The neighbors said the house has been gutted and a new roof and new furnace have been installed over the past two months.

Fiscus said he does not think the owner needs any zoning variances to work on the house. He said he would have someone from the zoning board check to see if construction has gone past the point where the owner would need a variance. If it has, the manager said he could issue a “cease and desist” order.

Madden cited a similar case from the 1980s, when MCAR took over a house on Myrtle Place near Wengler Avenue. The residence was zoned single-family residential. MCAR bought the house and used it as a group home.

“We challenged it. We lost,” Madden said. “The court ruled that people coming and living together make a single family. It’s not the traditional family that you and I think of is a family and we wish were the law. Unfortunately, it is not. Since it’s a single family residential unit, they’re permitted to live there and we can’t stop them. They don’t need a variance. They don’t need a special exception. They don’t need council’s permission. They just have a right to do it whether we like it or not.”

Other Sharon residents at the meeting said the group home would provide a necessary service for its residents.

“What is so bad with a group home?” asked Carol Schwartz, Sharon resident. “My brother-in-law lived in a group home right up by the park. No problems whatsoever. My brother-in-law was there because his parents had passed away. The house got sold so the state stepped in, moved him to a group home.

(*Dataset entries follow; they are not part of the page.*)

text \<open>Write \<open>Q = Q\<^sub>\<Delta> L\<^sub>Q\<^sup>T\<close>, so that \<open>I \<otimes> Q \<otimes> A = B K\<close> with \<open>B = I \<otimes> Q\<^sub>\<Delta> \<otimes> A\<close> and
  \<open>K = I \<otimes> L\<^sub>Q\<^sup>T \<otimes> I\<close>. Then \<open>C = P K - R\<close> with \<open>R = K - I + E \<otimes> H\<close>, so the one-step iteration
  matrix is \<open>N + P\<^sup>-\<^sup>1 R\<close>, where \<open>N = I - K\<close> is nilpotent of index at most \<open>M\<close> because \<open>L\<^sub>Q\<close> is
  unit lower triangular. The collocation matrix of distinct positive nodes is nonsingular,
  hence so are \<open>Q\<^sub>\<Delta>\<close> and \<open>B\<close>, and therefore \<open>P\<^sup>-\<^sup>1 = (I - \<mu> B)\<^sup>-\<^sup>1 = O(1/\<mu>)\<close>. For \<open>k \<ge> M\<close>
  every term in the expansion of \<open>(N + P\<^sup>-\<^sup>1 R)\<^sup>k\<close> other than \<open>N\<^sup>k = 0\<close> contains the factor
  \<open>P\<^sup>-\<^sup>1 R = O(1/\<mu>)\<close>; the spectral radius is bounded by the entrywise \<open>\<ell>\<^sub>1\<close> norm.\<close>

subsection \<open>Kronecker products\<close>

lemma kron_carrier_mat:
  "A \<in> carrier_mat a b \<Longrightarrow> B \<in> carrier_mat c d \<Longrightarrow> kron A B \<in> carrier_mat (a * c) (b * d)"
  unfolding kron_def by auto

lemma dim_kron [simp]:
  "dim_row (kron A B) = dim_row A * dim_row B" "dim_col (kron A B) = dim_col A * dim_col B"
  unfolding kron_def by simp_all

lemma index_kron:
  "i < dim_row A * dim_row B \<Longrightarrow> j < dim_col A * dim_col B \<Longrightarrow>
   kron A B $$ (i, j) = A $$ (i div dim_row B, j div dim_col B) * B $$ (i mod dim_row B, j mod dim_col B)"
  unfolding kron_def by simp

lemma div_mod_less_mult:
  "i < a * (b :: nat) \<Longrightarrow> i div b < a \<and> i mod b < b"
  by (metis less_mult_imp_div_less mod_less_divisor mult_zero_right not_less_zero zero_less_iff_neq_zero)

lemma sum_lessThan_mult:
  "(\<Sum>j<a * b. (f :: nat \<Rightarrow> 'a :: comm_monoid_add) j) = (\<Sum>m<a. \<Sum>t<b. f (m * b + t))"
proof -
  have "(\<Sum>j<a * b. f j) = (\<Sum>m<a. sum f {m * b..<m * b + b})"
    using sum.nat_group[of f b a] by simp
  also have "\<dots> = (\<Sum>m<a. \<Sum>t<b. f (m * b + t))"
  proof (rule sum.cong [OF refl])
    fix m
    have "sum f {m * b..<m * b + b} = sum (\<lambda>t. f (t + m * b)) {0..<b}"
      using sum.shift_bounds_nat_ivl[of f 0 "m * b" b] by (simp add: add.commute)
    then show "sum f {m * b..<m * b + b} = (\<Sum>t<b. f (m * b + t))"
      by (simp add: atLeast0LessThan add.commute)
  qed
  finally show ?thesis .
qed

lemma kron_mult_kron:
  fixes A B C D :: "'a :: comm_ring_1 mat"
  assumes A: "A \<in> carrier_mat a1 a2" and C: "C \<in> carrier_mat a2 a3"
    and B: "B \<in> carrier_mat b1 b2" and D: "D \<in> carrier_mat b2 b3"
  shows "kron A B * kron C D = kron (A * C) (B * D)"
proof (rule eq_matI)
  fix i k assume "i < dim_row (kron (A * C) (B * D))" "k < dim_col (kron (A * C) (B * D))"
  then have i: "i < a1 * b1" and k: "k < a3 * b3" using A B C D by auto
  have entry: "kron A B $$ (i, m * b2 + t) * kron C D $$ (m * b2 + t, k) =
      (A $$ (i div b1, m) * C $$ (m, k div b3)) * (B $$ (i mod b1, t) * D $$ (t, k mod b3))"
    if m: "m < a2" and t: "t < b2" for m t
  proof -
    have "m * b2 + t < (m + 1) * b2" using t by simp
    also have "\<dots> \<le> a2 * b2" using m by (intro mult_right_mono) auto
    finally have "m * b2 + t < a2 * b2" .
    moreover have "(m * b2 + t) div b2 = m" "(m * b2 + t) mod b2 = t" using t by auto
    ultimately show ?thesis using A B C D i k by (simp add: index_kron ac_simps)
  qed
  have "(kron A B * kron C D) $$ (i, k) = (\<Sum>j<a2 * b2. kron A B $$ (i, j) * kron C D $$ (j, k))"
    using i k A B C D by (simp add: scalar_prod_def atLeast0LessThan)
  also have "\<dots> = (\<Sum>m<a2. \<Sum>t<b2. (A $$ (i div b1, m) * C $$ (m, k div b3)) *
      (B $$ (i mod b1, t) * D $$ (t, k mod b3)))"
    unfolding sum_lessThan_mult by (intro sum.cong refl) (simp add: entry)
  also have "\<dots> = (\<Sum>m<a2. A $$ (i div b1, m) * C $$ (m, k div b3)) *
      (\<Sum>t<b2. B $$ (i mod b1, t) * D $$ (t, k mod b3))"
    by (simp add: sum_product)
  also have "\<dots> = kron (A * C) (B * D) $$ (i, k)"
    using A B C D i k div_mod_less_mult[OF i] div_mod_less_mult[OF k]
    by (simp add: index_kron scalar_prod_def atLeast0LessThan)
  finally show "(kron A B * kron C D) $$ (i, k) = kron (A * C) (B * D) $$ (i, k)" .
qed (use A B C D in simp_all)

lemma kron_one_one: "kron (1\<^sub>m a) (1\<^sub>m b) = (1\<^sub>m (a * b) :: 'a :: semiring_1 mat)"
proof (rule eq_matI)
  fix i j assume "i < dim_row (1\<^sub>m (a * b) :: 'a mat)" "j < dim_col (1\<^sub>m (a * b) :: 'a mat)"
  then have i: "i < a * b" and j: "j < a * b" by auto
  have "(i div b = j div b \<and> i mod b = j mod b) \<longleftrightarrow> i = j"
    by (metis div_mult_mod_eq)
  then show "kron (1\<^sub>m a) (1\<^sub>m b) $$ (i, j) = (1\<^sub>m (a * b) :: 'a mat) $$ (i, j)"
    using i j div_mod_less_mult[OF i] div_mod_less_mult[OF j] by (auto simp: index_kron)
qed auto

lemma kron_minus_left:
  "B \<in> carrier_mat p q \<Longrightarrow> C \<in> carrier_mat p q \<Longrightarrow>
   kron (B - C) A = kron B A - kron C (A :: 'a :: comm_ring_1 mat)"
  by (intro eq_matI) (auto simp: index_kron algebra_simps div_mod_less_mult)

lemma kron_minus_right:
  "B \<in> carrier_mat p q \<Longrightarrow> C \<in> carrier_mat p q \<Longrightarrow>
   kron A (B - C) = kron A B - kron A (C :: 'a :: comm_ring_1 mat)"
  by (intro eq_matI) (auto simp: index_kron algebra_simps div_mod_less_mult)

lemma kron_zero_left: "kron (0\<^sub>m p q) A = (0\<^sub>m (p * dim_row A) (q * dim_col A) :: 'a :: comm_ring_1 mat)"
  by (intro eq_matI) (auto simp: index_kron div_mod_less_mult)

lemma kron_zero_right: "kron A (0\<^sub>m p q) = (0\<^sub>m (dim_row A * p) (dim_col A * q) :: 'a :: comm_ring_1 mat)"
  by (intro eq_matI) (auto simp: index_kron div_mod_less_mult)

lemma kron_pow_mat:
  fixes A B :: "'a :: comm_ring_1 mat"
  assumes A: "A \<in> carrier_mat a a" and B: "B \<in> carrier_mat b b"
  shows "kron A B ^\<^sub>m k = kron (A ^\<^sub>m k) (B ^\<^sub>m k)"
proof (induction k)
  case 0
  show ?case using A B by (simp add: kron_one_one)
next
  case (Suc k)
  have "kron A B ^\<^sub>m Suc k = kron (A ^\<^sub>m k) (B ^\<^sub>m k) * kron A B"
    using Suc by simp
  also have "\<dots> = kron (A ^\<^sub>m Suc k) (B ^\<^sub>m Suc k)"
    using A B by (simp add: kron_mult_kron[of _ a a _ a _ b b _ b])
  finally show ?case .
qed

He was well taken care of, he was safe, there was never any issues.”

Alan Yingling, who lives in the area, said the laws protect those who need residential treatment, but not residents who have homes near group facilities.

“The problem is not giving people the help that they need,” Yingling said. “But who else needs help is the people that have lived here. Everybody’s worked to keep their houses going. As soon as this goes in our property value immediately drops. Where is my protection for my investment?”

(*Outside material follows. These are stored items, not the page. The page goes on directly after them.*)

lemma robin_neumann_eigenfunction_deriv_weight:
  assumes R_pos: "0 < R" and S_sub: "{0..R} \<subseteq> S"
    and \<Theta>_deriv: "\<And>x. x \<in> S \<Longrightarrow> (\<Theta> has_real_derivative deriv \<Theta> x) (at x)"
    and \<Theta>_pos: "\<forall>r\<in>{0..<R}. \<Theta> r > 0"
    and u_d1: "\<forall>r\<in>{0..R}. (u has_real_derivative u' r) (at r within {0..R})"
    and u_d2: "\<forall>r\<in>{0..R}. (u' has_real_derivative u'' r) (at r within {0..R})"
    and u_pos: "\<forall>r\<in>{0..R}. u r > 0"
    and eq: "\<forall>r\<in>{0..<R}. u'' r + deriv \<Theta> r / \<Theta> r * u' r + lam * u r = 0"
    and bc0: "u' 0 = \<sigma> * u 0" and bcR: "u' R = 0"
  shows "robin_neumann_eigenfunction R lam \<sigma> \<Theta> (deriv \<Theta>) u u' u''"
proof
  show "(\<Theta> has_real_derivative deriv \<Theta> x) (at x within {0..R})" if "x \<in> {0..R}" for x
    using S_sub that by (auto intro: has_field_derivative_at_within[OF \<Theta>_deriv])
  show "u'' x * \<Theta> x + u' x * deriv \<Theta> x = - lam * (\<Theta> x * u x)" if "x \<in> {0..<R}" for x
  proof -
    have "0 < \<Theta> x" "u'' x + deriv \<Theta> x / \<Theta> x * u' x + lam * u x = 0"
      using eq \<Theta>_pos that by auto
    then show ?thesis by (simp add: field_simps)
  qed
qed (use R_pos \<Theta>_pos u_d1 u_d2 u_pos bc0 bcR in blast)+

lemma log_concave_robin_neumann_eigenfunction_deriv_weight:
  assumes eigenfunction: "robin_neumann_eigenfunction R lam \<sigma> \<Theta> (deriv \<Theta>) u u' u''"
    and S: "{0..R} \<subseteq> S"
    and \<Theta>_deriv: "\<And>x. x \<in> S \<Longrightarrow> (\<Theta> has_real_derivative deriv \<Theta> x) (at x)"
    and \<Theta>'_deriv: "\<And>x. x \<in> S \<Longrightarrow> (deriv \<Theta> has_real_derivative deriv (deriv \<Theta>) x) (at x)"
    and log_concave: "\<forall>r\<in>{0..<R}. deriv (deriv (\<lambda>s. ln (\<Theta> s))) r < 0"
  shows "log_concave_robin_neumann_eigenfunction R lam \<sigma> \<Theta> (deriv \<Theta>) u u' u''
           (deriv (deriv (\<lambda>s. ln (\<Theta> s))))"
proof (intro log_concave_robin_neumann_eigenfunction.intro eigenfunction
    log_concave_robin_neumann_eigenfunction_axioms.intro)
  show "((\<lambda>x. deriv \<Theta> x / \<Theta> x) has_real_derivative deriv (deriv (\<lambda>s. ln (\<Theta> s))) x) (at x)"
    if "x \<in> {0<..<R}" for x
    using that S robin_neumann_eigenfunction.\<Theta>_pos[OF eigenfunction]
    by (intro log_derivative_has_derivative_deriv_deriv_ln[where T="{0<..<R}"
          and f''="deriv (deriv \<Theta>) x"])
      (auto intro!: \<Theta>_deriv \<Theta>'_deriv)
qed (use log_concave in auto)

theorem lemma3p1:
  fixes R \<sigma> lam :: real and \<Theta> u u' u'' :: "real \<Rightarrow> real" and S :: "real set"
  assumes R_pos: "R > 0"
    and S_open: "open S" and S_sub: "{0..R} \<subseteq> S"
    and \<Theta>_smooth: "\<forall>n. (deriv ^^ n) \<Theta> differentiable_on S"
    and \<Theta>_pos: "\<forall>r\<in>{0..<R}. \<Theta> r > 0"
    and \<sigma>_nz: "\<sigma> \<noteq> 0"
    and u_d1: "\<forall>r\<in>{0..R}. (u has_real_derivative u' r) (at r within {0..R})"
    and u_d2: "\<forall>r\<in>{0..R}. (u' has_real_derivative u'' r) (at r within {0..R})"
    and u''_cont: "continuous_on {0..R} u''"
    and u_pos: "\<forall>r\<in>{0..R}. u r > 0"
    and eq: "\<forall>r\<in>{0..<R}. u'' r + deriv \<Theta> r / \<Theta> r * u' r + lam * u r = 0"
    and bc0: "u' 0 = \<sigma> * u 0"
    and bcR: "u' R = 0"
    and first: "lam = first_eigenvalue R \<Theta> \<sigma>"
  shows "(\<sigma> > 0 \<longrightarrow> (\<forall>r\<in>{0..<R}. u' r > 0))
       \<and> (\<sigma> < 0 \<longrightarrow> (\<forall>r\<in>{0..<R}. u' r < 0))
       \<and> (\<forall>Rb. \<sigma> > 0 \<and> 0 < Rb \<and> Rb < R \<longrightarrow>
              first_eigenvalue R \<Theta> \<sigma> < first_eigenvalue Rb \<Theta> \<sigma>)
       \<and> ((\<forall>r\<in>{0..<R}. deriv (deriv (\<lambda>s. ln (\<Theta> s))) r < 0) \<longrightarrow>
            (\<sigma> > 0 \<longrightarrow> (\<forall>r\<in>{0..R}. 0 \<le> u' r / u r \<and> u' r / u r \<le> \<sigma>))
          \<and> (\<sigma> < 0 \<longrightarrow> (\<forall>r\<in>{0..R}. \<sigma> \<le> u' r / u r \<and> u' r / u r \<le> 0)))"
proof -
  have \<Theta>_deriv: "(\<Theta> has_real_derivative deriv \<Theta> x) (at x)"
    and \<Theta>'_deriv: "(deriv \<Theta> has_real_derivative deriv (deriv \<Theta>) x) (at x)" if "x \<in> S" for x
    using smooth_has_real_derivative[OF S_open \<Theta>_smooth[rule_format] that, of 0]
      smooth_has_real_derivative[OF S_open \<Theta>_smooth[rule_format] that, of 1] by simp_all
  have eigenfunction: "robin_neumann_eigenfunction R lam \<sigma> \<Theta> (deriv \<Theta>) u u' u''"
    using assms \<Theta>_deriv by (intro robin_neumann_eigenfunction_deriv_weight) auto
  have bounds: "min \<sigma> 0 \<le> u' r / u r \<and> u' r / u r \<le> max \<sigma> 0"
    if "\<forall>r\<in>{0..<R}. deriv (deriv (\<lambda>s. ln (\<Theta> s))) r < 0" "r \<in> {0..R}" for r
    using log_concave_robin_neumann_eigenfunction.log_derivative_bounds
      log_concave_robin_neumann_eigenfunction_deriv_weight[OF eigenfunction S_sub \<Theta>_deriv \<Theta>'_deriv]
      that by blast
  note sign = robin_neumann_eigenfunction.sgn_u'_eq_sgn_\<sigma>[OF eigenfunction]
  show ?thesis
  proof (intro conjI impI allI ballI)
    show "0 < u' r" if "0 < \<sigma>" "r \<in> {0..<R}" for r
      using sign[OF that(2)] that(1) by (simp add: sgn_1_pos)
    show "u' r < 0" if "\<sigma> < 0" "r \<in> {0..<R}" for r
      using sign[OF that(2)] that(1) by (simp add: sgn_1_neg)
    show "first_eigenvalue R \<Theta> \<sigma> < first_eigenvalue Rb \<Theta> \<sigma>" if "0 < \<sigma> \<and> 0 < Rb \<and> Rb < R" for Rb
      using that robin_neumann_eigenfunction.first_eigenvalue_strict_antimono[OF eigenfunction first]
      by blast
  qed (use bounds in \<open>simp_all add: min_def max_def\<close>)
qed

end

Yingling said Sharon neighborhoods are becoming filled with more rental properties than home owners.

“Where is the line going to get drawn where we say, ‘Hey, this is all we have left.’ Are we going to save it, or are we going to let it go?” Yingling asked. “I have no problem with people getting help. What I have a problem with is the last bit of neighborhoods we have getting ruined and just depreciating.”

Council President Molly Bundrant said there was very little Sharon officials could do.

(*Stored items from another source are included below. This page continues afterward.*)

lemma expectation_completed_notify:
  assumes "s < S"
  shows "measure_pmf.expectation (notify_pmf s t) (\<lambda>\<omega>. of_bool (task_completed r t \<omega>)) =
    1 - (\<Prod>v<V. 1 - of_bool (r v \<le> t) * nf v s t * p v s)"
proof -
  define f where "f v oc = (1 - of_bool (r v \<le> t \<and> fst oc \<and> fst (snd oc)) :: real)" for v and oc :: "bool \<times> bool \<times> nat"
  have f_bounds: "0 \<le> f v oc \<and> f v oc \<le> 1" for v oc
    by (simp add: f_def)
  have "measure_pmf.expectation (notify_pmf s t) (\<lambda>\<omega>. \<Prod>v<V. f v (\<omega> v)) =
        (\<Prod>v<V. measure_pmf.expectation (vol_outcome (nf v s t) (p v s) g) (f v))"
    unfolding notify_pmf_def using f_bounds
    by (intro expectation_prod_Pi_pmf) (auto intro: integrable_measure_pmf_bounded[where B = 1])
  also have "\<dots> = (\<Prod>v<V. 1 - of_bool (r v \<le> t) * nf v s t * p v s)"
    using notif_prob_nonneg_le notif_prob_le_1 p_range assms
    by (intro prod.cong refl, subst expectation_vol_outcome[where B = 1])
       (auto simp: f_def algebra_simps)
  moreover have "of_bool (task_completed r t \<omega>) = 1 - (\<Prod>v<V. f v (\<omega> v))" for \<omega>
    unfolding task_completed_def f_def by (subst of_bool_ex_eq_one_minus_prod) simp
  moreover have "measure_pmf.expectation (notify_pmf s t) (\<lambda>\<omega>. 1 - (\<Prod>v<V. f v (\<omega> v))) =
        1 - measure_pmf.expectation (notify_pmf s t) (\<lambda>\<omega>. \<Prod>v<V. f v (\<omega> v))"
    by (subst Bochner_Integration.integral_diff)
       (auto intro!: integrable_measure_pmf_bounded[where B = 1] prod_le_1 simp: abs_prod f_def)
  ultimately show ?thesis
    by simp
qed

lemma expectation_inactive_step:
  assumes t: "t \<in> {1..T}" and "v < V" "t \<le> u"
  shows "measure_pmf.expectation (step t rc) (\<lambda>rc'. of_bool (u < fst rc' v)) =
     of_bool (u < fst rc v) + of_bool (fst rc v \<le> t) * (\<Sum>s<S. lam s t * nf v s t * (1 - Gcdf g (u - t)))"
proof -
  obtain r c where rc: "rc = (r, c)"
    by fastforce
  have "measure_pmf.expectation (step t (r, c)) (\<lambda>rc. of_bool (u < fst rc v)) =
     (1 - (\<Sum>s<S. lam s t)) * of_bool (u < r v) +
     (\<Sum>s<S. lam s t * (if r v \<le> t then nf v s t * (1 - Gcdf g (u - t)) else of_bool (u < r v)))"
    using assms by (subst expectation_sdn_step[OF t, where B = 1]) (auto simp: expectation_inactive_notify)
  also have "\<dots> = of_bool (u < r v) + of_bool (r v \<le> t) * (\<Sum>s<S. lam s t * nf v s t * (1 - Gcdf g (u - t)))"
    using \<open>t \<le> u\<close> by (cases "r v \<le> t") (auto simp: mult.assoc simp flip: sum_distrib_right)
  finally show ?thesis
    by (simp add: rc)
qed

lemma completion_prob_bounds:
  assumes "t \<in> {1..T}"
  shows "0 \<le> completion_prob r t \<and> completion_prob r t \<le> 1"
proof -
  have factor_bounds: "0 \<le> 1 - of_bool (r v \<le> t) * nf v s t * p v s \<and> 1 - of_bool (r v \<le> t) * nf v s t * p v s \<le> 1"
    if "v < V" "s < S" for v s
    using notif_prob_nonneg_le[of v s t] notif_prob_le_1[of v s t] p_range that
    by (auto intro: mult_le_one)
  have "completion_prob r t \<le> (\<Sum>s<S. lam s t * 1)"
    unfolding completion_prob_def using assms lam_nonneg factor_bounds
    by (intro sum_mono mult_left_mono) (auto intro: prod_nonneg)
  moreover have "0 \<le> completion_prob r t"
    unfolding completion_prob_def using assms lam_nonneg factor_bounds
    by (intro sum_nonneg mult_nonneg_nonneg) (auto intro: prod_le_1)
  moreover have "(\<Sum>s<S. lam s t) \<le> 1"
    using assms lam_sum by blast
  ultimately show ?thesis
    by simp
qed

“Do you understand what we’re saying, that this is bigger than us?” Bundrant said. “We understand you’re upset. We’re just as frustrated as you are. But I need you to understand this is out of our control.”

Councilman Bob Lucas advised residents to take the matter to authorities in Harrisburg.

“Basically, the only resolution you guys have is to go to your state rep and state senator and have them change the law,” Lucas said. “The only thing we can do is if that house comes to fruition and it’s a nuisance, after so many nuisance calls, there are steps we can take.”

One neighbor asked if Sharon was going to become a dumping ground.

Fiscus said he took some offense at that statement.

“I think Sharon has a lot of good neighborhoods and all the council people are working hard to maintain that,” Fiscus said. “There’s group homes all over the Shenango Valley. It’s not centered in Sharon. Often you don’t even know they’re there.”

Fiscus said on behalf of the fire and code departments and the city, they are going to do everything possible to support the neighbors around Quarry Place.

“We’re going to do everything we can to support you. Everything we can to make sure the requirements that we can enforce are enforced,” he said. “This is not just a Sharon issue.”